Several technical challenges may arise when using CTRB1 antibodies:
Cross-reactivity: Due to the sequence similarity between CTRB1 and related proteases (particularly CTRB2), antibodies may detect multiple proteins
Tissue-specific challenges: The pancreas contains high levels of proteolytic enzymes that can degrade antibodies during sample preparation
Post-translational modifications: CTRB1 undergoes proteolytic processing from its zymogen form to its active form, which may affect antibody recognition
Fixation sensitivity: Some epitopes may be masked or destroyed by certain fixation methods
Researchers should carefully optimize sample preparation protocols and validate antibody specificity in their specific experimental system to minimize these challenges.
When faced with contradictory results from CTRB1 antibody experiments, researchers should consider the following analytical approaches:
Compare antibody characteristics: Different antibodies target different epitopes, which may be differentially accessible in various experimental conditions
Evaluate the antibody validation data: Consider the extent and quality of validation provided by the manufacturer
Cross-validate with alternative methods: Use PCR, mass spectrometry, or alternative antibodies to confirm findings
Assess technical variables: Differences in sample preparation, fixation methods, antigen retrieval, or detection systems could explain discrepancies
Consider biological variables: Expression levels may genuinely differ between experimental models, genetic backgrounds, or disease states
Documenting these considerations in research publications helps the scientific community interpret potentially contradictory findings in CTRB1 research.

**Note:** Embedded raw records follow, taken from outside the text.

(* Let $\sum_{n=1}^{\infty}x_n$ be a divergent series of positive real terms with $\lim_{n\to\infty}x_n=0$, and let $S=\{\sum_{n=1}^{\infty}(x_n-x_{\sigma(n)}) : \sigma\in S_\infty,\ \text{the series converges}\}$. If $b\in S$, then $[b,\infty)\subseteq S$.
   Context: $S_\infty$ denotes the set of all permutations of $\mathbb{N}$. *)

theory Defs
  imports "HOL-Analysis.Analysis"
begin

text \<open>Sequences are indexed from 0 (x 0 corresponds to x_1). Permutations of the
naturals are bijections nat to nat.\<close>

definition rearr_diff_sums :: "(nat \<Rightarrow> real) \<Rightarrow> real set" where
  "rearr_diff_sums x = {b. \<exists>\<sigma>. bij \<sigma> \<and> (\<lambda>n. x n - x (\<sigma> n)) sums b}"

end

theory Submission
  imports Defs
begin

text \<open>If \<sigma> realises b, then y = x \<circ> \<sigma> is again a positive divergent null sequence and
  x n - x (\<sigma> (p n)) = (x n - y n) + (y n - y (p n)); so it suffices to realise every d \<ge> 0 as
  \<Sum>(y n - y (p n)) for such a y. The permutation p is built greedily. The partial sum up to N
  equals the y-sum over the pending indices (below N and not yet hit by p) minus the y-sum over
  the indices \<ge> N that p has already hit. The latter are drawn from a sparse reservoir on which
  y is summable, so they contribute nothing in the limit. An index is left pending as long as the
  pending sum stays \<le> d; otherwise the least pending index is released, provided this does not
  increase the pending sum. Divergence of \<Sum>y forces such overflows infinitely often, which
  makes p surjective and pushes the pending sum up to d.\<close>

lemma filterlim_inj_sequentially:
  fixes s :: "nat \<Rightarrow> nat"
  assumes "inj s"
  shows "filterlim s sequentially sequentially"
  unfolding filterlim_at_top
proof
  fix Z
  have "finite (s -` {..<Z})" using assms by (intro finite_vimageI) auto
  thus "\<forall>\<^sub>F n in sequentially. Z \<le> s n"
    by (simp add: cofinite_eq_sequentially[symmetric] eventually_cofinite not_le vimage_def)
qed

lemma not_summable_comp_bij:
  fixes x :: "nat \<Rightarrow> real"
  assumes "\<And>n. 0 \<le> x n" "bij \<sigma>" "\<not> summable x"
  shows "\<not> summable (x \<circ> \<sigma>)"
proof
  assume "summable (x \<circ> \<sigma>)"
  moreover have "inj (inv \<sigma>)" using assms(2) by (simp add: bij_is_inj bij_imp_bij_inv)
  ultimately have "summable (x \<circ> \<sigma> \<circ> inv \<sigma>)" by (rule summable_reindex) (simp add: assms(1))
  moreover have "x \<circ> \<sigma> \<circ> inv \<sigma> = x" using assms(2) by (metis comp_assoc comp_id bij_is_surj surj_iff)
  ultimately show False using assms(3) by simp
qed
locale bathtub =
  fixes Td :: "real set" and Xmin Xmax G L :: real
    and F :: "(real \<times> real) measure" and V :: "real \<Rightarrow> real"
  assumes closed_Td: "closed Td"
    and Xmin_le_Xmax: "Xmin \<le> Xmax"
    and G_nonneg: "0 \<le> G"
    and finite_F: "finite_measure F"
    and sets_F: "sets F = sets (restrict_space borel (Td \<times> {Xmin..Xmax}))"
    and density_F: "\<And>B. B \<in> sets borel \<Longrightarrow> B \<subseteq> Td \<times> {Xmin..Xmax} \<Longrightarrow>
        emeasure F B \<le> ennreal G * emeasure lborel B"
    and lipschitz_V: "L-lipschitz_on {0..} V"
begin

definition region_above :: "real \<Rightarrow> (real \<Rightarrow> real) \<Rightarrow> (real \<times> real) set" where
  "region_above a h = {(\<tau>, \<xi>). \<tau> \<in> {0..a} \<inter> Td \<and> \<xi> \<in> {h \<tau><..} \<inter> {Xmin..Xmax}}"

(* The accumulation of the bathtub model: the mass of trips that departed at some tau <= s and
   whose length exceeds the distance z s - z tau covered since then. *)
definition accumulation :: "(real \<Rightarrow> real) \<Rightarrow> real \<Rightarrow> real" where
  "accumulation z s = measure F (S_set Td {Xmin..Xmax} s z)"

abbreviation U :: "(real \<Rightarrow> real) \<Rightarrow> real \<Rightarrow> real" where
  "U \<equiv> U_op Td {Xmin..Xmax} V F"

lemma S_set_eq_region_above: "S_set Td {Xmin..Xmax} s z = region_above s (\<lambda>\<tau>. z s - z \<tau>)"
  by (simp add: S_set_def region_above_def)

lemma U_eq_integral_accumulation: "U z t = integral {0..t} (\<lambda>s. V (accumulation z s))"
  by (simp add: U_op_def accumulation_def)

lemma accumulation_nonneg: "0 \<le> accumulation z s"
  by (simp add: accumulation_def)

lemma region_above_borel:
  assumes "continuous_on {0..a} h"
  shows "region_above a h \<in> sets borel"
proof -
  let ?K = "({0..a} \<inter> Td) \<times> {Xmin..Xmax}"
  have "continuous_on ?K (\<lambda>p. snd p - h (fst p))"
    by (intro continuous_intros continuous_on_compose2[OF assms]) auto
  then have "openin (top_of_set ?K) (?K \<inter> (\<lambda>p. snd p - h (fst p)) -` {0<..})"
    by (rule continuous_openin_preimage_gen) simp
  then obtain W where "open W" "?K \<inter> (\<lambda>p. snd p - h (fst p)) -` {0<..} = ?K \<inter> W"
    by (auto simp: openin_open)
  moreover have "region_above a h = ?K \<inter> (\<lambda>p. snd p - h (fst p)) -` {0<..}"
    by (auto simp: region_above_def)
  moreover have "closed ?K"
    using closed_Td by (intro closed_Times closed_Int) auto
  ultimately show ?thesis
    by (metis borel_closed borel_open sets.Int)
qed

lemma borel_in_sets_F:
  assumes "A \<in> sets borel" "A \<subseteq> Td \<times> {Xmin..Xmax}"
  shows "A \<in> sets F"
proof -
  have "closed (Td \<times> {Xmin..Xmax})"
    using closed_Td by (intro closed_Times) auto
  then show ?thesis
    unfolding sets_F using assms by (subst sets_restrict_space_iff) auto
qed

lemma measure_F_diff_le:
  assumes "A \<in> sets borel" "B \<in> sets borel" "A \<subseteq> Td \<times> {Xmin..Xmax}" "B \<subseteq> Td \<times> {Xmin..Xmax}"
    and "emeasure lborel (A - B) \<le> ennreal c" "0 \<le> c"
  shows "measure F A - measure F B \<le> G * c"
proof -
  interpret finite_measure F
    by (rule finite_F)
  have sets: "A \<in> sets F" "B \<in> sets F" "A - B \<in> sets F"
    using assms borel_in_sets_F by auto
  have "ennreal (measure F (A - B)) = emeasure F (A - B)"
    using sets by (simp add: emeasure_eq_measure)
  also have "\<dots> \<le> ennreal G * emeasure lborel (A - B)"
    using assms by (intro density_F) auto
  also have "\<dots> \<le> ennreal (G * c)"
    using assms G_nonneg by (simp add: ennreal_mult mult_left_mono)
  finally have "measure F (A - B) \<le> G * c"
    using G_nonneg assms by (subst (asm) ennreal_le_iff) auto
  moreover have "measure F A - measure F B \<le> measure F (A - B)"
    using sets by (intro measure_diff_le_measure_setdiff) (auto simp: fmeasurable_eq_sets)
  ultimately show ?thesis
    by linarith
qed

Rigorous control experiments are crucial for reliable CTRB1 antibody-based research:
Positive tissue controls: Include pancreatic tissue samples known to express CTRB1
Negative tissue controls: Include tissues not expected to express CTRB1
Technical controls:
Primary antibody omission
Isotype controls (non-specific IgG of the same species)
Blocking peptide competition
Loading controls: For Western blot experiments, include appropriate housekeeping proteins
Dilution series: Particularly for quantitative applications, include a dilution series to ensure detection is in the linear range
The inclusion of appropriate controls strengthens the reliability and reproducibility of research findings involving CTRB1 antibodies.

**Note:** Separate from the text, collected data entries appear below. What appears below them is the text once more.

lemma block_exponent_last: "block_exponent n k = block_scale n"
  unfolding block_exponent_def partial_weight_k by simp

lemma block_exponent_pos: "1 \<le> j \<Longrightarrow> j \<le> k \<Longrightarrow> 0 < block_exponent n j"
  using block_exponent_bounds(1)[of j n] first_weight_le_partial_weight[of j] first_weight_times_block_scale[of n]
    mult_right_mono[of "\<eta> 1" "partial_weight j" "real (block_scale n)"]
  by fastforce

lemma block_exponent_gap_within:
  assumes "1 \<le> j" "j < k"
  shows "block_exponent n j + n < block_exponent n (Suc j)"
proof -
  have "\<eta> 1 * real (block_scale n) \<le> \<eta> (Suc j) * real (block_scale n)"
    using first_weight_le[of "Suc j"] assms by (intro mult_right_mono) auto
  then have "real (block_exponent n j) + real n < real (block_exponent n (Suc j))"
    using block_exponent_bounds[of "Suc j" n] block_exponent_bounds[of j n] assms
      first_weight_times_block_scale[of n] partial_weight_Suc[of j]
    by (simp add: algebra_simps)
  then show ?thesis by linarith
qed

lemma block_exponent_next_first_lower:
  "2 * (real n + 2) * real (block_scale n) - 1 < real (block_exponent (Suc n) 1)"
proof -
  have "2 * ((real n + 2) * real (block_scale n)) \<le> (\<eta> 1 * real scale_base) * ((real n + 2) * real (block_scale n))"
    using first_weight_times_scale_base by (intro mult_right_mono) auto
  then show ?thesis
    using block_exponent_bounds(1)[of 1 "Suc n"] k_ge_1 partial_weight_1 block_scale_Suc[of n]
    by (simp add: algebra_simps)
qed

lemma block_exponent_gap_between: "block_exponent n k + n < block_exponent (Suc n) 1"
proof -
  have "(2 * real n + 3) * 1 \<le> (2 * real n + 3) * real (block_scale n)"
    using block_scale_ge_1 by (intro mult_left_mono) auto
  then have "real (block_exponent n k) + real n < real (block_exponent (Suc n) 1)"
    using block_exponent_next_first_lower[of n] block_exponent_last[of n] by (simp add: algebra_simps)
  then show ?thesis by linarith
qed

lemma filterlim_block_scale: "filterlim (\<lambda>n. real (block_scale n)) at_top sequentially"
proof (rule filterlim_at_top_mono[OF filterlim_real_sequentially always_eventually], rule allI)
  fix n
  have "real n \<le> 2 * (real n + 1)" by simp
  also have "\<dots> \<le> \<eta> 1 * real (block_scale n)" by (rule first_weight_times_block_scale)
  also have "\<dots> \<le> real (block_scale n)"
    using first_weight_le_1 less_imp_le[OF first_weight_pos] by (intro mult_left_le_one_le) auto
  finally show "real n \<le> real (block_scale n)" .
qed

lemma tendsto_block_scale_ratio: "(\<lambda>n. real (block_scale n) / real (block_scale (Suc n))) \<longlonglongrightarrow> 0"
proof -
  have "real n * 1 \<le> real n * real scale_base" for n
    using scale_base_pos by (intro mult_left_mono) auto
  then have "real n \<le> real scale_base * (real n + 2)" for n
    by (simp add: algebra_simps add_increasing2)
  then have lim: "filterlim (\<lambda>n. real scale_base * (real n + 2)) at_top sequentially"
    by (intro filterlim_at_top_mono[OF filterlim_real_sequentially always_eventually] allI)
  have ratio: "real (block_scale n) / real (block_scale (Suc n)) = inverse (real scale_base * (real n + 2))" for n
    using block_scale_pos[of n] by (simp add: block_scale_Suc inverse_eq_divide)
  show ?thesis unfolding ratio by (rule tendsto_inverse_0_at_top[OF lim])
qed

lemma tendsto_block_exponent_first_gap:
  "(\<lambda>n. (real (block_exponent (n + 1) 1) - real (block_exponent n k)) / real (block_exponent (n + 1) k)) \<longlonglongrightarrow> \<eta> 1"
proof -
  have "(\<lambda>n. of_int \<lfloor>partial_weight 1 * real (block_scale (Suc n))\<rfloor> / real (block_scale (Suc n))
                 - real (block_scale n) / real (block_scale (Suc n))) \<longlonglongrightarrow> partial_weight 1 - 0"
    using filterlim_compose[OF filterlim_block_scale filterlim_Suc]
    by (intro tendsto_diff tendsto_floor_mult_divide tendsto_block_scale_ratio) (simp add: o_def)
  then show ?thesis
    using k_ge_1 by (simp add: of_nat_block_exponent block_exponent_last diff_divide_distrib partial_weight_def)
qed

lemma tendsto_block_exponent_gap:
  assumes "i \<in> {2..k}"
  shows "(\<lambda>n. (real (block_exponent n i) - real (block_exponent n (i - 1))) / real (block_exponent n k)) \<longlonglongrightarrow> \<eta> i"
proof -
  have "(\<lambda>n. of_int \<lfloor>partial_weight i * real (block_scale n)\<rfloor> / real (block_scale n)
                 - of_int \<lfloor>partial_weight (i - 1) * real (block_scale n)\<rfloor> / real (block_scale n))
          \<longlonglongrightarrow> partial_weight i - partial_weight (i - 1)"
    by (intro tendsto_diff tendsto_floor_mult_divide filterlim_block_scale)
  moreover have "partial_weight i - partial_weight (i - 1) = \<eta> i"
    using partial_weight_Suc[of "i - 1"] assms by simp
  moreover have "i - 1 \<le> k" "i \<le> k" using assms by auto
  ultimately show ?thesis
    by (simp add: of_nat_block_exponent block_exponent_last diff_divide_distrib)
qed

Several emerging technologies hold promise for expanding the utility of CTRB1 antibodies in research:
Multiplex immunofluorescence: Simultaneously detecting CTRB1 along with other markers can provide insights into co-expression patterns and cellular contexts
Super-resolution microscopy: Enhanced visualization of subcellular localization can reveal previously undetectable patterns of CTRB1 distribution
Mass cytometry (CyTOF): Combining antibody detection with metal-tagged antibodies allows for highly multiplexed analysis
Spatial transcriptomics: Correlating CTRB1 protein expression with gene expression profiles in tissue sections
Single-cell proteomics: Analyzing CTRB1 expression at the single-cell level can reveal heterogeneity within tissues
These technologies may help address current limitations in CTRB1 research and open new avenues for understanding its role in health and disease.

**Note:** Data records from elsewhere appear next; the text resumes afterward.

(* Let $B,U\ge 1$, $\mathbf{H}\in\mathbb{C}^{B\times U}$, $\mathbf{j}\in\mathbb{C}^B$, and let $\mathbf{y}=\mathbf{H}\mathbf{s}+\mathbf{j}w+\mathbf{n}\in\mathbb{C}^B$, where $\mathbf{s}\in\mathbb{C}^U$ has independent zero-mean entries with $\mathbb{E}[\mathbf{s}\mathbf{s}^H]=E_s\mathbf{I}_U$, $w$ is circularly-symmetric complex Gaussian with variance $E_J$, $\mathbf{n}$ is i.i.d. circularly-symmetric complex Gaussian with per-entry variance $N_0$, and $\mathbf{s},w,\mathbf{n}$ are mutually independent. Set $\mathbf{C}_{\mathbf{y}}=E_s\mathbf{H}\mathbf{H}^H+E_J\mathbf{j}\mathbf{j}^H+N_0\mathbf{I}_B$. Consider the unconstrained optimization problem $$\min_{\beta\in\mathbb{C},\,\mathbf{b}\in\mathbb{C}^B,\,\mathbf{a}\in\mathbb{C}^B}\ \mathbb{E}_{\mathbf{s},w,\mathbf{n}}\big[\|\beta\mathbf{b}\mathbf{a}^H\mathbf{y}-\mathbf{j}w\|^2\big].$$ Then a solution is $$\hat{\mathbf{b}}_{\mathbb{C}}=\mathbf{j},\qquad \hat{\mathbf{a}}_{\mathbb{C}}=E_J\mathbf{C}_{\mathbf{y}}^{-1}\mathbf{j},\qquad \hat\beta_{\mathbb{C}}=1,$$ and the corresponding transform $\hat{\mathbf{P}}_{\mathbb{C}}=\mathbf{I}_B-\hat\beta_{\mathbb{C}}\hat{\mathbf{b}}_{\mathbb{C}}\hat{\mathbf{a}}_{\mathbb{C}}^H$ equals $$\hat{\mathbf{P}}_{\mathbb{C}}=\mathbf{I}_B-E_J\mathbf{j}\mathbf{j}^H\mathbf{C}_{\mathbf{y}}^{-1}.$$
   Context: $\mathbf{C}_{\mathbf{y}}$ is the covariance matrix of $\mathbf{y}$ (positive definite when $N_0>0$). The problem is the optimal choice of an analog transform $\mathbf{P}=\mathbf{I}_B-\beta\mathbf{b}\mathbf{a}^H$ minimizing $\mathbb{E}\|\mathbf{P}\mathbf{y}-(\mathbf{H}\mathbf{s}+\mathbf{n})\|^2$, with no alphabet constraints on $\mathbf{a},\mathbf{b}$. $(\cdot)^H$ is the conjugate transpose and $\|\cdot\|$ the Euclidean norm. *)

theory Defs
  imports "HOL-Analysis.Analysis" "HOL-Probability.Probability"
begin

definition cadj :: "complex^'n^'m \<Rightarrow> complex^'m^'n" where
  "cadj A = (\<chi> i j. cnj (A $ j $ i))"

definition couter :: "complex^'m \<Rightarrow> complex^'n \<Rightarrow> complex^'n^'m" where
  "couter b a = (\<chi> i j. b $ i * cnj (a $ j))"

definition cscale :: "complex \<Rightarrow> complex^'n^'m \<Rightarrow> complex^'n^'m" where
  "cscale c A = (\<chi> i j. c * A $ i $ j)"

definition cov_y :: "real \<Rightarrow> real \<Rightarrow> real \<Rightarrow> complex^'u^'b \<Rightarrow> complex^'b \<Rightarrow> complex^'b^'b" where
  "cov_y Es EJ N0 H j =
     cscale (complex_of_real Es) (H ** cadj H) + cscale (complex_of_real EJ) (couter j j)
     + cscale (complex_of_real N0) (mat 1)"

(* circularly-symmetric complex Gaussian with variance v:
   real and imaginary parts independent N(0, v/2); degenerate (= 0 a.s.) when v = 0 *)
definition circ_gaussian :: "'a measure \<Rightarrow> ('a \<Rightarrow> complex) \<Rightarrow> real \<Rightarrow> bool" where
  "circ_gaussian M X v \<longleftrightarrow>
     X \<in> borel_measurable M \<and>
     (if v = 0 then (AE x in M. X x = 0)
      else distributed M lborel (\<lambda>x. Re (X x)) (\<lambda>t. ennreal (normal_density 0 (sqrt (v/2)) t))
         \<and> distributed M lborel (\<lambda>x. Im (X x)) (\<lambda>t. ennreal (normal_density 0 (sqrt (v/2)) t))
         \<and> prob_space.indep_var M borel (\<lambda>x. Re (X x)) borel (\<lambda>x. Im (X x)))"

(* all scalar random entries (s_1..s_U, w, n_1..n_B) collected in one family *)
definition all_entries ::
  "('a \<Rightarrow> complex^'u) \<Rightarrow> ('a \<Rightarrow> complex) \<Rightarrow> ('a \<Rightarrow> complex^'b) \<Rightarrow> ('u + unit) + 'b \<Rightarrow> 'a \<Rightarrow> complex" where
  "all_entries s w n idx x =
     (case idx of Inl (Inl i) \<Rightarrow> s x $ i | Inl (Inr _) \<Rightarrow> w x | Inr k \<Rightarrow> n x $ k)"

definition objective ::
  "'a measure \<Rightarrow> complex^'u^'b \<Rightarrow> complex^'b \<Rightarrow> ('a \<Rightarrow> complex^'u) \<Rightarrow> ('a \<Rightarrow> complex)
   \<Rightarrow> ('a \<Rightarrow> complex^'b) \<Rightarrow> complex \<Rightarrow> complex^'b \<Rightarrow> complex^'b \<Rightarrow> real" where
  "objective M H j s w n \<beta> b a =
     integral\<^sup>L M (\<lambda>x. (norm (cscale \<beta> (couter b a) *v (H *v s x + w x *s j + n x) - w x *s j))\<^sup>2)"

end

theory Submission
  imports Defs
begin

text \<open>Stack all scalar sources into \<open>z = (s, w, n)\<close>. Independence and zero means make \<open>z\<close>
  uncorrelated with variances \<open>d = (E\<^sub>s, E\<^sub>J, N\<^sub>0)\<close>, and \<open>y = G z\<close>, \<open>j w = K z\<close> for fixed
  matrices \<open>G\<close>, \<open>K\<close>. Hence for any transform \<open>F\<close> the objective is the weighted Frobenius norm
  \<open>\<Sum>\<^sub>i\<^sub>p d\<^sub>p |(F G - K)\<^sub>i\<^sub>p|\<^sup>2\<close>, a least-squares problem in \<open>F\<close>. Its normal equations
  \<open>F G D G\<^sup>H = K D G\<^sup>H\<close> read \<open>F C\<^sub>y = E\<^sub>J j j\<^sup>H\<close>, since \<open>C\<^sub>y = G D G\<^sup>H\<close>; \<open>C\<^sub>y\<close> is positive definite
  because \<open>G\<close> contains the identity block of the noise. The unconstrained minimiser
  \<open>E\<^sub>J j j\<^sup>H C\<^sub>y\<^sup>-\<^sup>1\<close> is rank one, and as \<open>C\<^sub>y\<close> is Hermitian it equals \<open>j a\<^sup>H\<close> with
  \<open>a = E\<^sub>J C\<^sub>y\<^sup>-\<^sup>1 j\<close>, so it also minimises over the family \<open>\<beta> b a\<^sup>H\<close>.\<close>

lemma borel_measurable_cnj [measurable]: "cnj \<in> borel_measurable borel"
  by (intro borel_measurable_continuous_onI linear_continuous_on bounded_linear_cnj)

lemma integrable_mult_cnj:
  fixes f g :: "'a \<Rightarrow> complex"
  assumes [measurable]: "f \<in> borel_measurable M" "g \<in> borel_measurable M"
    and "integrable M (\<lambda>x. (cmod (f x))\<^sup>2)" "integrable M (\<lambda>x. (cmod (g x))\<^sup>2)"
  shows "integrable M (\<lambda>x. f x * cnj (g x))"
proof (rule Bochner_Integration.integrable_bound)
  show "integrable M (\<lambda>x. (cmod (f x))\<^sup>2 + (cmod (g x))\<^sup>2)"
    using assms(3,4) by simp
  show "AE x in M. norm (f x * cnj (g x)) \<le> norm ((cmod (f x))\<^sup>2 + (cmod (g x))\<^sup>2)"
  proof (intro AE_I2)
    fix x
    have "2 * cmod (f x) * cmod (g x) \<le> (cmod (f x))\<^sup>2 + (cmod (g x))\<^sup>2"
      by (rule sum_squares_bound)
    moreover have "0 \<le> cmod (f x) * cmod (g x)" by simp
    ultimately show "norm (f x * cnj (g x)) \<le> norm ((cmod (f x))\<^sup>2 + (cmod (g x))\<^sup>2)"
      unfolding norm_mult complex_mod_cnj real_norm_def by linarith
  qed
qed measurable

lemma integral_mult_cnj_self:
  "integral\<^sup>L M (\<lambda>x. f x * cnj (f x)) = complex_of_real (integral\<^sup>L M (\<lambda>x. (cmod (f x))\<^sup>2))"
  by (simp add: complex_norm_square[symmetric] del: of_real_power)

lemma (in prob_space) integrable_of_square_integrable_cmod:
  fixes f :: "'a \<Rightarrow> complex"
  assumes [measurable]: "f \<in> borel_measurable M" and "integrable M (\<lambda>x. (cmod (f x))\<^sup>2)"
  shows "integrable M f"
proof -
  have "integrable M (\<lambda>x. cmod (f x))"
    by (rule square_integrable_imp_integrable) (use assms in auto)
  then show ?thesis by (simp add: integrable_norm_iff)
qed

definition diag_correlated :: "'a measure \<Rightarrow> ('i \<Rightarrow> 'a \<Rightarrow> complex) \<Rightarrow> ('i \<Rightarrow> real) \<Rightarrow> bool" where
  "diag_correlated M Z d \<longleftrightarrow>
     (\<forall>p q. integrable M (\<lambda>x. Z p x * cnj (Z q x)) \<and>
            integral\<^sup>L M (\<lambda>x. Z p x * cnj (Z q x)) = (if p = q then complex_of_real (d p) else 0))"

lemma (in prob_space) indep_vars_diag_correlated:
  fixes Z :: "'i \<Rightarrow> 'a \<Rightarrow> complex"
  assumes indep: "indep_vars (\<lambda>_. borel) Z UNIV"
    and square_int: "\<And>p. integrable M (\<lambda>x. (cmod (Z p x))\<^sup>2)"
    and mean_zero: "\<And>p. integral\<^sup>L M (Z p) = 0"
  shows "diag_correlated M Z (\<lambda>p. integral\<^sup>L M (\<lambda>x. (cmod (Z p x))\<^sup>2))"
  unfolding diag_correlated_def
proof (intro allI conjI)
  fix p q
  have meas: "Z i \<in> borel_measurable M" for i
    using indep by (simp add: indep_vars_def)
  then show "integrable M (\<lambda>x. Z p x * cnj (Z q x))"
    by (intro integrable_mult_cnj square_int)
  show "integral\<^sup>L M (\<lambda>x. Z p x * cnj (Z q x))
      = (if p = q then complex_of_real (integral\<^sup>L M (\<lambda>x. (cmod (Z p x))\<^sup>2)) else 0)"
  proof (cases "p = q")
    case True
    then show ?thesis by (simp add: integral_mult_cnj_self)
  next
    case False
    define X where "X i x = (if i = q then cnj else id) (Z i x)" for i x
    have "indep_vars (\<lambda>_. borel) X UNIV"
      unfolding X_def by (rule indep_vars_compose2[OF indep]) auto
    then have "indep_vars (\<lambda>_. borel) X {p, q}"
      by (rule indep_vars_subset) auto
    moreover have "integrable M (X i)" for i
      using integrable_of_square_integrable_cmod[OF meas square_int]
      by (simp add: X_def[abs_def])
    ultimately have "integral\<^sup>L M (\<lambda>x. \<Prod>i\<in>{p, q}. X i x) = (\<Prod>i\<in>{p, q}. integral\<^sup>L M (X i))"
      by (intro indep_vars_lebesgue_integral) auto
    moreover have "X p = Z p"
      using False by (simp add: X_def fun_eq_iff)
    ultimately show ?thesis
      using False mean_zero[of p] by (simp add: X_def)
  qed
qed

lemma (in prob_space) normal_distributed_moments:
  assumes "0 < \<sigma>" and D: "distributed M lborel X (\<lambda>t. ennreal (normal_density 0 \<sigma> t))"
  shows "integrable M X" "integral\<^sup>L M X = 0"
    "integrable M (\<lambda>x. (X x)\<^sup>2)" "integral\<^sup>L M (\<lambda>x. (X x)\<^sup>2) = \<sigma>\<^sup>2"
proof -
  show "integrable M X"
    by (rule distributed_integrable_var[OF D normal_density_nonneg
          integrable_normal_moment_nz_1[OF \<open>0 < \<sigma>\<close>]])
  show mean: "integral\<^sup>L M X = 0"
    using normal_distributed_expectation[OF assms] by simp
  show "integrable M (\<lambda>x. (X x)\<^sup>2)"
    using distributed_integrable[OF D, of "\<lambda>x. x\<^sup>2"] assms(1)
      integrable_normal_moment[where \<mu>=0 and \<sigma>=\<sigma> and k=2]
    by (simp add: power2_eq_square)
  show "integral\<^sup>L M (\<lambda>x. (X x)\<^sup>2) = \<sigma>\<^sup>2"
    using normal_distributed_variance[OF assms] mean by simp
qed

lemma (in prob_space) circ_gaussian_moments:
  assumes g: "circ_gaussian M X v" and "0 \<le> v"
  shows "integral\<^sup>L M X = 0 \<and> integrable M (\<lambda>x. (cmod (X x))\<^sup>2)
         \<and> integral\<^sup>L M (\<lambda>x. (cmod (X x))\<^sup>2) = v"
proof (cases "v = 0")
  case True
  have [measurable]: "X \<in> borel_measurable M"
    using g by (simp add: circ_gaussian_def)
  have ae: "AE x in M. X x = 0"
    using g True by (simp add: circ_gaussian_def)
  have "integral\<^sup>L M X = integral\<^sup>L M (\<lambda>_. 0::complex)"
    by (rule integral_cong_AE) (use ae in auto)
  moreover have "integrable M (\<lambda>x. (cmod (X x))\<^sup>2) \<longleftrightarrow> integrable M (\<lambda>_. 0::real)"
    by (rule integrable_cong_AE) (use ae in auto)
  moreover have "integral\<^sup>L M (\<lambda>x. (cmod (X x))\<^sup>2) = integral\<^sup>L M (\<lambda>_. 0::real)"
    by (rule integral_cong_AE) (use ae in auto)
  ultimately show ?thesis using True by simp
next
  case False
  define \<sigma> where "\<sigma> = sqrt (v / 2)"
  have \<sigma>: "0 < \<sigma>" "\<sigma>\<^sup>2 = v / 2"
    using False \<open>0 \<le> v\<close> by (auto simp: \<sigma>_def)
  have "distributed M lborel (\<lambda>x. Re (X x)) (\<lambda>t. ennreal (normal_density 0 \<sigma> t))"
    and "distributed M lborel (\<lambda>x. Im (X x)) (\<lambda>t. ennreal (normal_density 0 \<sigma> t))"
    using g False by (simp_all add: circ_gaussian_def \<sigma>_def)
  note Re = normal_distributed_moments[OF \<sigma>(1) this(1)]
    and Im = normal_distributed_moments[OF \<sigma>(1) this(2)]
  have X_eq: "X = (\<lambda>x. complex_of_real (Re (X x)) + \<i> * complex_of_real (Im (X x)))"
    by (simp add: fun_eq_iff complex_eq_iff)
  have "integral\<^sup>L M X = 0"
    using Re Im by (subst X_eq) simp
  moreover have "(\<lambda>x. (cmod (X x))\<^sup>2) = (\<lambda>x. (Re (X x))\<^sup>2 + (Im (X x))\<^sup>2)"
    by (simp add: fun_eq_iff cmod_power2)
  ultimately show ?thesis
    using Re Im \<sigma>(2) by simp
qed

definition entry_variance :: "real \<Rightarrow> real \<Rightarrow> real \<Rightarrow> ('u + unit) + 'b \<Rightarrow> real" where
  "entry_variance Es EJ N0 p = (case p of Inl (Inl _) \<Rightarrow> Es | Inl (Inr _) \<Rightarrow> EJ | Inr _ \<Rightarrow> N0)"

lemma entry_variance_nonneg: "0 \<le> Es \<Longrightarrow> 0 \<le> EJ \<Longrightarrow> 0 \<le> N0 \<Longrightarrow> 0 \<le> entry_variance Es EJ N0 p"
  by (simp add: entry_variance_def split: sum.split)

lemma all_entries_simps [simp]:
  "all_entries s w n (Inl (Inl i)) = (\<lambda>x. s x $ i)"
  "all_entries s w n (Inl (Inr u)) = w"
  "all_entries s w n (Inr k) = (\<lambda>x. n x $ k)"
  by (auto simp: all_entries_def fun_eq_iff)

Several important questions remain in CTRB1 biology that could be investigated using antibody-based approaches:
The regulation of CTRB1 expression and activation in different physiological and pathological conditions
The exact subcellular localization and trafficking of CTRB1 in pancreatic cells
The potential extrapancreatic roles of CTRB1 in inflammatory processes
The interaction partners of CTRB1 that might modulate its enzymatic activity
The contribution of genetic variants in CTRB1 to disease susceptibility and progression
Addressing these questions will require continued refinement of antibody-based techniques and integration with other molecular and cellular approaches.